WORK INSTRUCTION ▸
Every line from the one with "ultimately show ?thesis" to the end of the entries, both included, is to be copied exactly; the other lines stay out.
LISTED ENTRIES Block Start
lemma is_generator_matrix_mult:
  fixes G :: "'a::field mat"
  assumes gen: "is_generator_matrix k n G C" and B: "B \<in> carrier_mat k k" "det B \<noteq> 0"
  shows "is_generator_matrix k n (B * G) C"
proof -
  have G: "G \<in> carrier_mat k n" and C: "C = row_space G"
    and indep: "\<forall>c \<in> carrier_vec k. transpose_mat G *\<^sub>v c = 0\<^sub>v n \<longrightarrow> c = 0\<^sub>v k"
    using gen unfolding is_generator_matrix_def by auto
  obtain B' where B': "B' \<in> carrier_mat k k" "B * B' = 1\<^sub>m k" "B' * B = 1\<^sub>m k"
    using det_nonzero_imp_inverse[OF B] .
  have BG: "transpose_mat (B * G) *\<^sub>v c = transpose_mat G *\<^sub>v (transpose_mat B *\<^sub>v c)"
    if "c \<in> carrier_vec k" for c
    using that B G by (simp add: transpose_mult assoc_mult_mat_vec[of _ n k _ k])
  have "c = 0\<^sub>v k" if c: "c \<in> carrier_vec k" "transpose_mat (B * G) *\<^sub>v c = 0\<^sub>v n" for c
  proof -
    have "transpose_mat B *\<^sub>v c = 0\<^sub>v k" using indep c B BG by simp
    then have "transpose_mat B' *\<^sub>v (transpose_mat B *\<^sub>v c) = 0\<^sub>v k" using B' by auto
    then show ?thesis using transpose_mult_vec_cancel[OF B'(1) B(1) B'(2) c(1)] by simp
  qed
  moreover have "row_space (B * G) = row_space G"
  proof
    show "row_space (B * G) \<subseteq> row_space G"
    proof
      fix v assume "v \<in> row_space (B * G)"
      then obtain c where c: "c \<in> carrier_vec k" "v = transpose_mat (B * G) *\<^sub>v c"
        unfolding row_space_def using B G by auto
      moreover have "transpose_mat B *\<^sub>v c \<in> carrier_vec (dim_row G)" using B G c by simp
      ultimately show "v \<in> row_space G" unfolding row_space_def using BG[OF c(1)] by blast
    qed
    show "row_space G \<subseteq> row_space (B * G)"
    proof
      fix v assume "v \<in> row_space G"
      then obtain c where c: "c \<in> carrier_vec k" "v = transpose_mat G *\<^sub>v c"
        unfolding row_space_def using G by auto
      then have "v = transpose_mat (B * G) *\<^sub>v (transpose_mat B' *\<^sub>v c)"
        using BG B' transpose_mult_vec_cancel[OF B(1) B'(1) B'(3) c(1)] by simp
      moreover have "transpose_mat B' *\<^sub>v c \<in> carrier_vec (dim_row (B * G))"
        using B B' c by simp
      ultimately show "v \<in> row_space (B * G)" unfolding row_space_def by blast
    qed
  qed
  ultimately show ?thesis using B G C unfolding is_generator_matrix_def by auto
qed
LISTED ENTRIES Block End
TASK ANSWER ▸
  ultimately show ?thesis using B G C unfolding is_generator_matrix_def by auto
qed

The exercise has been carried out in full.